Stored data
lemma approx_sketch_of_parity_estimator:
  fixes h :: "bool \<Rightarrow> real" and r :: "nat set pmf"
  assumes finite: "finite (set_pmf r)" and subsets: "\<And>S. S \<in> set_pmf r \<Longrightarrow> S \<subseteq> {..<n}"
    and unbiased: "\<And>x. x \<subseteq> {..<n} \<Longrightarrow> measure_pmf.expectation r (\<lambda>S. h (chi S x)) = f x"
    and bounded: "\<And>x S. x \<subseteq> {..<n} \<Longrightarrow> S \<in> set_pmf r \<Longrightarrow> (h (chi S x) - f x)\<^sup>2 \<le> V"
    and k: "k > 0" "V / k \<le> eps"
  shows "approx_sketch n f eps k"
proof -
  let ?p = "replicate_pmf k r"
  define g where "g bs = sum_list (map h bs) / k" for bs
  have "\<forall>Ss\<in>set_pmf ?p. length Ss = k \<and> (\<forall>S\<in>set Ss. S \<subseteq> {..<n})"
    using subsets by (auto simp: set_replicate_pmf)
  moreover have "measure_pmf.expectation ?p (\<lambda>Ss. (g (map (\<lambda>S. chi S x) Ss) - f x)\<^sup>2) \<le> eps"
    if x: "x \<subseteq> {..<n}" for x
  proof -
    define Y where "Y S = h (chi S x) - f x" for S
    have "measure_pmf.expectation r Y = 0"
      unfolding Y_def[abs_def]
      by (subst Bochner_Integration.integral_diff)
         (simp_all add: integrable_measure_pmf_finite[OF finite] unbiased[OF x])
    then have variance: "measure_pmf.expectation ?p (\<lambda>Ss. (sum_list (map Y Ss))\<^sup>2) \<le> k * V"
      using finite bounded[OF x] by (intro expectation_sum_list_square_replicate_pmf) (auto simp: Y_def)
    have error: "(g (map (\<lambda>S. chi S x) Ss) - f x)\<^sup>2 = (sum_list (map Y Ss))\<^sup>2 / k\<^sup>2"
      if "Ss \<in> set_pmf ?p" for Ss
    proof -
      have "sum_list (map Y Ss) = sum_list (map h (map (\<lambda>S. chi S x) Ss)) - k * f x"
        using that by (simp add: Y_def[abs_def] sum_list_subtractf sum_list_triv set_replicate_pmf o_def)
      then have "g (map (\<lambda>S. chi S x) Ss) - f x = sum_list (map Y Ss) / k"
        using k(1) by (simp add: g_def field_simps)
      then show ?thesis by (simp add: power_divide)
    qed
    have "measure_pmf.expectation ?p (\<lambda>Ss. (g (map (\<lambda>S. chi S x) Ss) - f x)\<^sup>2)
        = measure_pmf.expectation ?p (\<lambda>Ss. (sum_list (map Y Ss))\<^sup>2) / k\<^sup>2"
      by (subst integral_divide_zero[symmetric], intro integral_cong_AE)
         (simp_all add: error AE_measure_pmf_iff)
    also have "\<dots> \<le> k * V / k\<^sup>2"
      using variance by (simp add: divide_right_mono)
    also have "\<dots> = V / k"
      by (simp add: power2_eq_square)
    finally show ?thesis using k(2) by linarith
  qed
  ultimately show ?thesis unfolding approx_sketch_def by blast
qed

lemma coverage_fun_approx_sketch:
  assumes cov: "coverage_fun n f" and range: "\<And>x. x \<subseteq> {..<n} \<Longrightarrow> 0 \<le> f x \<and> f x \<le> 1"
    and eps: "0 < eps"
  shows "approx_sketch n f eps (nat \<lceil>4 / eps\<rceil>)"
proof -
  obtain r where r: "finite (set_pmf r)" "\<And>S. S \<in> set_pmf r \<Longrightarrow> S \<subseteq> {..<n}"
    "\<And>x. x \<subseteq> {..<n} \<Longrightarrow> measure_pmf.expectation r (\<lambda>S. 2 * f {..<n} * of_bool (chi S x)) = f x"
    using coverage_fun_parity_estimator[OF cov] by blast
  define k where "k = nat \<lceil>4 / eps\<rceil>"
  have k: "4 / eps \<le> real k"
    unfolding k_def by (rule real_nat_ceiling_ge)
  have "approx_sketch n f eps k"
  proof (rule approx_sketch_of_parity_estimator[where h = "\<lambda>b. 2 * f {..<n} * of_bool b" and V = 4, OF r])
    fix x S assume "x \<subseteq> {..<n}"
    then have "0 \<le> f {..<n}" "f {..<n} \<le> 1" "0 \<le> f x" "f x \<le> 1" using range by auto
    then have "\<bar>2 * f {..<n} * of_bool (chi S x) - f x\<bar> \<le> 2" by (cases "chi S x") auto
    then have "\<bar>2 * f {..<n} * of_bool (chi S x) - f x\<bar>\<^sup>2 \<le> 2\<^sup>2" by (rule power_mono) simp
    then show "(2 * f {..<n} * of_bool (chi S x) - f x)\<^sup>2 \<le> 4" by simp
  next
    have "0 < 4 / eps" using eps by simp
    with k show "0 < k" by linarith
    with k eps show "4 / real k \<le> eps" by (simp add: field_simps)
  qed
  then show ?thesis by (simp add: k_def)
qed
lemma nbody_solution_orthogonal_invariant:
  fixes m :: "'n::finite \<Rightarrow> real" and n :: "real^3"
  assumes sol: "nbody_solution \<gamma> m I x x'" and I0: "0 \<in> I" and tI: "t \<in> I"
    and init: "\<forall>i. x 0 i \<bullet> n = 0 \<and> x' 0 i \<bullet> n = 0"
  shows "\<forall>i. x t i \<bullet> n = 0 \<and> x' t i \<bullet> n = 0"
proof -
  have conf: "\<And>s. s \<in> I \<Longrightarrow> x s \<in> config_space"
    and dx: "\<And>s i. s \<in> I \<Longrightarrow> ((\<lambda>s. x s i) has_vector_derivative x' s i) (at s)"
    and dv: "\<And>s i. s \<in> I \<Longrightarrow> ((\<lambda>s. x' s i) has_vector_derivative
          ((1 / m i) *\<^sub>R (\<Sum>j\<in>UNIV - {i}.
              (\<gamma> * m i * m j / (norm (x s j - x s i))^3) *\<^sub>R (x s j - x s i)))) (at s)"
    using sol unfolding nbody_solution_def by auto
  define a where "a = min 0 t"
  define b where "b = max 0 t"
  have sub: "{a..b} \<subseteq> I"
    using sol I0 tI unfolding nbody_solution_def a_def b_def
    by (auto simp: min_def max_def intro: mem_is_interval_1_I)
  \<comment> \<open>not simplified to \<gamma> * m j: nbody_solution does not require m i \<noteq> 0\<close>
  define c where "c i j s = (1 / m i) * (\<gamma> * m i * m j / (norm (x s j - x s i))^3)" for i j s
  have cont_x: "continuous_on {a..b} (\<lambda>s. x s j)" for j
    by (rule continuous_on_vector_derivative)
       (use sub dx in \<open>blast intro: has_vector_derivative_at_within\<close>)
  have "(\<forall>i. x a i \<bullet> n = 0 \<and> x' a i \<bullet> n = 0) \<longleftrightarrow> (\<forall>i. x b i \<bullet> n = 0 \<and> x' b i \<bullet> n = 0)"
  proof (rule linear_system_endpoint_zero_iff[where z = "\<lambda>i s. x s i \<bullet> n" and c = c])
    show "a \<le> b" by (simp add: a_def b_def)
    fix i s assume s: "s \<in> {a..b}"
    then show "((\<lambda>s. x s i \<bullet> n) has_real_derivative x' s i \<bullet> n) (at s)"
      using sub by (intro inner_const_has_real_derivative dx) auto
    have "((1 / m i) *\<^sub>R (\<Sum>j\<in>UNIV - {i}.
              (\<gamma> * m i * m j / (norm (x s j - x s i))^3) *\<^sub>R (x s j - x s i))) \<bullet> n
          = (\<Sum>j\<in>UNIV - {i}. c i j s * (x s j \<bullet> n - x s i \<bullet> n))"
      unfolding c_def
      by (simp only: inner_scaleR_left inner_sum_left inner_diff_left sum_distrib_left mult.assoc)
    then show "((\<lambda>s. x' s i \<bullet> n) has_real_derivative
        (\<Sum>j\<in>UNIV - {i}. c i j s * (x s j \<bullet> n - x s i \<bullet> n))) (at s)"
      using inner_const_has_real_derivative[OF dv, of s i n] s sub by auto
  next
    fix i j :: 'n assume "j \<noteq> i"
    then have "norm (x s j - x s i) ^ 3 \<noteq> 0" if "s \<in> {a..b}" for s
      using conf[of s] sub that unfolding config_space_def by auto
    then show "continuous_on {a..b} (c i j)"
      unfolding c_def by (intro continuous_intros cont_x) auto
  qed
  moreover have "(a = 0 \<and> b = t) \<or> (a = t \<and> b = 0)" by (auto simp: a_def b_def)
  ultimately show ?thesis using init by auto
qed

theorem theorem10p1:
  fixes m :: "'n::finite \<Rightarrow> real" and \<gamma> T :: real and L :: "real^3"
    and r v :: "'n \<Rightarrow> real^3"
  assumes N: "CARD('n) \<ge> 2"
    and m_pos: "\<And>i. m i > 0"
    and gamma_pos: "\<gamma> > 0"
    and L_nz: "L \<noteq> 0"
    and T_pos: "T > 0"
    and r_conf: "r \<in> config_space"
    and L_eq: "ang_mom m r v = L"
    and T_eq: "kin_energy m v = T"
    and minim: "\<And>r' v'. r' \<in> config_space \<Longrightarrow> ang_mom m r' v' = L \<Longrightarrow>
                  kin_energy m v' = T \<Longrightarrow> moment_inertia m r \<le> moment_inertia m r'"
  shows "(\<forall>i. r i \<bullet> L = 0 \<and> v i \<bullet> L = 0) \<and>
         (\<forall>I x x'. nbody_solution \<gamma> m I x x' \<and> 0 \<in> I \<and> x 0 = r \<and> x' 0 = v \<longrightarrow>
            (\<forall>t\<in>I. \<forall>i. x t i \<bullet> L = 0 \<and> x' t i \<bullet> L = 0))"
proof -
  have "\<forall>i. r i \<bullet> L = 0 \<and> v i \<bullet> L = 0"
    using moment_inertia_minimizer_orthogonal[of m L T r v] m_pos L_nz T_pos L_eq T_eq minim
    by blast
  then show ?thesis
    using nbody_solution_orthogonal_invariant[where n = L] by blast
qed

end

[WORK TASK]:
If a line of the records includes the string "close", copy it out.

[ANSWER TO THIS PROBLEM]:
  \<comment> \<open>not simplified to \<gamma> * m j: nbody_solution does not require m i \<noteq> 0\<close>
       (use sub dx in \<open>blast intro: has_vector_derivative_at_within\<close>)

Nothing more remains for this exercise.